### What to do
Read the lines below and count those that have the word "integrable". Respond with the number only.

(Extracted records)
◇ ◇ ◇ ◇ ◇

(* For every $0<p<1$ we have $\frac12<\pi(p,p)<1$.
   Context: Let $\beta_1,\beta_2,\ldots$ be independent Bernoulli random variables with success probability $p$. A stake sequence is a sequence $\gamma=(c_1,c_2,\ldots)$ of non-negative reals with $c_1\ge c_2\ge\cdots$ and $\sum_i c_i=1$; write $S_\gamma=\sum_i c_i\beta_i$. For $0\le p\le t\le 1$ define $\pi(p,t)=\sup\{\mathbf P(S_\gamma\ge t)\mid \gamma \text{ a stake sequence}\}$. *)

theory Defs
  imports "HOL-Probability.Probability"
begin

text \<open>Probability space of an infinite i.i.d. sequence of Bernoulli(p) variables
  beta_0, beta_1, ... (indexed from 0), modelled as the infinite product measure on
  nat => bool.\<close>
definition bern_seq :: "real \<Rightarrow> (nat \<Rightarrow> bool) measure" where
  "bern_seq p = PiM UNIV (\<lambda>_. measure_pmf (bernoulli_pmf p))"

definition stake_seq :: "(nat \<Rightarrow> real) \<Rightarrow> bool" where
  "stake_seq c \<longleftrightarrow> (\<forall>i. 0 \<le> c i) \<and> (\<forall>i. c (Suc i) \<le> c i) \<and> c sums 1"

definition S_gamma :: "(nat \<Rightarrow> real) \<Rightarrow> (nat \<Rightarrow> bool) \<Rightarrow> real" where
  "S_gamma c \<omega> = (\<Sum>i. c i * (if \<omega> i then 1 else 0))"

definition pi_fun :: "real \<Rightarrow> real \<Rightarrow> real" where
  "pi_fun p t = Sup {measure (bern_seq p) {\<omega> \<in> space (bern_seq p). S_gamma c \<omega> \<ge> t} | c. stake_seq c}"

end

theory Submission
  imports Defs
begin

text \<open>
  Lower bound: put stake \<open>1/n\<close> on each of the first \<open>n = \<lfloor>1/p\<rfloor>\<close> coordinates. A single
  success already gives \<open>S \<ge> 1/n \<ge> p\<close>, so \<open>P(S \<ge> p) = 1 - (1 - p)^n > 1/2\<close>.

  Upper bound: let \<open>v = p(1 - p)\<close>. Choose \<open>n\<close> so large that the tail \<open>\<Sum>i\<ge>n. c i\<close> is
  small compared with the standard deviation \<open>\<sigma> = sqrt (v Q)\<close>, \<open>Q = \<Sum>i<n. c i^2\<close>,
  of \<open>W = \<Sum>i<n. c i (p - \<beta> i)\<close>; on \<open>S \<ge> p\<close> one has \<open>W \<le>\<close> tail \<open>< v\<sigma>/4\<close>.
  Independence gives \<open>E W^4 \<le> v Q^2 = \<sigma>^4/v\<close>. The quartic
  \<open>q(w) = w + v w^2 - v^2 w^4/4 - v/2\<close> is bounded by \<open>C = 1 + (1 + v)^2/v^2\<close> and is
  non-positive for \<open>w \<le> v/4\<close>, so \<open>q/C\<close> lies below the indicator of \<open>w > v/4\<close>, while the
  moment bounds give \<open>E q(W/\<sigma>) \<ge> v/4\<close>. Hence \<open>P(S < p) \<ge> P(W > v\<sigma>/4) \<ge> v/(4C)\<close>,
  uniformly in the stakes.
\<close>

lemma mult_sq_le_add_quartic:
  fixes v t :: real
  assumes "0 < v" and "v \<le> 1/4" and "0 \<le> t"
  shows "v * t^2 \<le> t + v^2/4 * t^4"
proof (cases "v * t \<le> 1")
  case True
  then have "t * (v * t) \<le> t * 1" using assms(3) by (rule mult_left_mono)
  moreover have "0 \<le> v^2/4 * t^4" by simp
  ultimately show ?thesis by (simp add: power2_eq_square algebra_simps)
next
  case False
  have "v * t \<le> 1/4 * t" using assms(2,3) by (rule mult_right_mono)
  with False have "4 \<le> t" by linarith
  then have "1 * 4 \<le> (v * t) * t" using False by (intro mult_mono) auto
  then have "4 \<le> v * t^2" by (simp add: power2_eq_square mult.assoc)
  then have "v * t^2 * 1 \<le> v * t^2 * (v * t^2 / 4)" by (intro mult_left_mono) auto
  then show ?thesis using assms(3) by (simp add: power2_eq_square power4_eq_xxxx algebra_simps)
qed

lemma quartic_le_const:
  fixes v w :: real
  assumes "0 < v"
  shows "w + v * w^2 - v^2/4 * w^4 \<le> 1 + (1 + v)^2 / v^2"
proof -
  have "0 \<le> (v/2 * w^2 - (1 + v)/v)^2" by simp
  then have amgm: "(1 + v) * w^2 \<le> v^2/4 * w^4 + (1 + v)^2/v^2"
    using assms by (simp add: power2_eq_square power4_eq_xxxx field_simps)
  have "0 \<le> (w - 1/2)^2" by simp
  then have "w \<le> 1 + w^2" by (simp add: power2_eq_square algebra_simps)
  with amgm show ?thesis by (simp add: algebra_simps)
qed

lemma quartic_le_below:
  fixes v w :: real
  assumes "0 < v" and "v \<le> 1/4" and "w \<le> v/4"
  shows "w + v * w^2 - v^2/4 * w^4 \<le> v/2"
proof (cases "0 \<le> w")
  case True
  then have "w^2 \<le> (v/4)^2" using assms(3) by (intro power_mono)
  also have "\<dots> \<le> (1/2)^2" using assms(1,2) by (intro power_mono) auto
  also have "\<dots> = 1/4" by (simp add: power2_eq_square)
  finally have "v * w^2 \<le> v/4" using assms(1) by (simp add: mult_left_mono)
  moreover have "0 \<le> v^2/4 * w^4" by simp
  ultimately show ?thesis using assms(3) by linarith
next
  case False
  then show ?thesis using mult_sq_le_add_quartic[OF assms(1,2), of "-w"] assms(1) by simp
qed

definition anticonc_const :: "real \<Rightarrow> real" where
  "anticonc_const v = v/4 / (1 + (1 + v)^2 / v^2)"

lemma anticonc_const_pos: "0 < v \<Longrightarrow> 0 < anticonc_const v"
  unfolding anticonc_const_def by (intro divide_pos_pos) (auto intro: add_pos_nonneg)

lemma (in prob_space) anticonc_const_le_prob_gt:
  fixes Z :: "'a \<Rightarrow> real"
  assumes int: "integrable M Z" "integrable M (\<lambda>\<omega>. Z \<omega> ^ 2)" "integrable M (\<lambda>\<omega>. Z \<omega> ^ 4)"
    and mean: "expectation Z = 0"
    and second: "expectation (\<lambda>\<omega>. Z \<omega> ^ 2) = \<sigma>^2"
    and fourth: "expectation (\<lambda>\<omega>. Z \<omega> ^ 4) \<le> \<sigma>^4 / v"
    and "0 < \<sigma>" and "0 < v" and "v \<le> 1/4"
  shows "anticonc_const v \<le> prob {\<omega> \<in> space M. v/4 * \<sigma> < Z \<omega>}"
proof -
  define C where "C = 1 + (1 + v)^2 / v^2"
  define A where "A = {\<omega> \<in> space M. v/4 * \<sigma> < Z \<omega>}"
  define q where "q w = w + v * w^2 - v^2/4 * w^4 - v/2" for w
  have "0 < C" unfolding C_def by (simp add: add_pos_nonneg)
  have A_sets: "A \<in> events" unfolding A_def using int(1) by measurable
  have q_le: "q (Z \<omega> / \<sigma>) / C \<le> indicator A \<omega>" if "\<omega> \<in> space M" for \<omega>
  proof (cases "\<omega> \<in> A")
    case True
    then show ?thesis
      using quartic_le_const[OF \<open>0 < v\<close>, of "Z \<omega> / \<sigma>"] \<open>0 < v\<close> \<open>0 < C\<close>
      by (simp add: q_def C_def)
  next
    case False
    then have below: "Z \<omega> / \<sigma> \<le> v/4" using that \<open>0 < \<sigma>\<close> by (simp add: A_def pos_divide_le_eq)
    have "q (Z \<omega> / \<sigma>) \<le> 0"
      using quartic_le_below[OF \<open>0 < v\<close> \<open>v \<le> 1/4\<close> below] by (simp add: q_def)
    then show ?thesis using False \<open>0 < C\<close> by (simp add: divide_nonpos_pos)
  qed
  have q_int: "integrable M (\<lambda>\<omega>. q (Z \<omega> / \<sigma>) / C)"
    unfolding q_def using int by (simp add: power_divide)
  have "expectation (\<lambda>\<omega>. q (Z \<omega> / \<sigma>) / C)
      = (expectation Z / \<sigma> + v * (expectation (\<lambda>\<omega>. Z \<omega> ^ 2) / \<sigma>^2)
         - v^2/4 * (expectation (\<lambda>\<omega>. Z \<omega> ^ 4) / \<sigma>^4) - v/2) / C"
    unfolding q_def using int by (simp add: power_divide prob_space)
  also have "\<dots> \<ge> (v - v^2/4 * (1/v) - v/2) / C"
  proof -
    have "expectation (\<lambda>\<omega>. Z \<omega> ^ 4) / \<sigma>^4 \<le> 1/v"
      using fourth \<open>0 < \<sigma>\<close> by (simp add: divide_le_eq field_simps)
    then have "v^2/4 * (expectation (\<lambda>\<omega>. Z \<omega> ^ 4) / \<sigma>^4) \<le> v^2/4 * (1/v)"
      by (rule mult_left_mono) simp
    then show ?thesis
      using mean second \<open>0 < \<sigma>\<close> \<open>0 < C\<close> by (intro divide_right_mono) simp_all
  qed
  finally have "v/4 / C \<le> expectation (\<lambda>\<omega>. q (Z \<omega> / \<sigma>) / C)"
    using \<open>0 < v\<close> by (simp add: power2_eq_square)
  also have "\<dots> \<le> expectation (indicator A)"
    using q_int A_sets q_le by (intro integral_mono_AE) (auto simp: emeasure_eq_measure)
  also have "\<dots> = prob A" using A_sets by simp
  finally show ?thesis unfolding anticonc_const_def A_def C_def .
qed

locale centred_indep_seq = prob_space +
  fixes X :: "nat \<Rightarrow> 'a \<Rightarrow> real" and v :: real
  assumes indep_X: "indep_vars (\<lambda>_. borel) X UNIV"
    and abs_X_le_1: "\<And>i \<omega>. \<omega> \<in> space M \<Longrightarrow> \<bar>X i \<omega>\<bar> \<le> 1"
    and expectation_X: "\<And>i. expectation (X i) = 0"
    and expectation_X_sq: "\<And>i. expectation (\<lambda>\<omega>. X i \<omega> ^ 2) = v"
begin

definition wsum :: "(nat \<Rightarrow> real) \<Rightarrow> nat \<Rightarrow> 'a \<Rightarrow> real" where
  "wsum c n \<omega> = (\<Sum>i<n. c i * X i \<omega>)"

lemma X_measurable [measurable]: "X i \<in> borel_measurable M"
  using indep_X by (simp add: indep_vars_def)

lemma wsum_measurable [measurable]: "wsum c n \<in> borel_measurable M"
  unfolding wsum_def by measurable

lemma wsum_Suc: "wsum c (Suc n) \<omega> = wsum c n \<omega> + c n * X n \<omega>"
  by (simp add: wsum_def)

◇ ◇ ◇ ◇ ◇

### Exercise result
2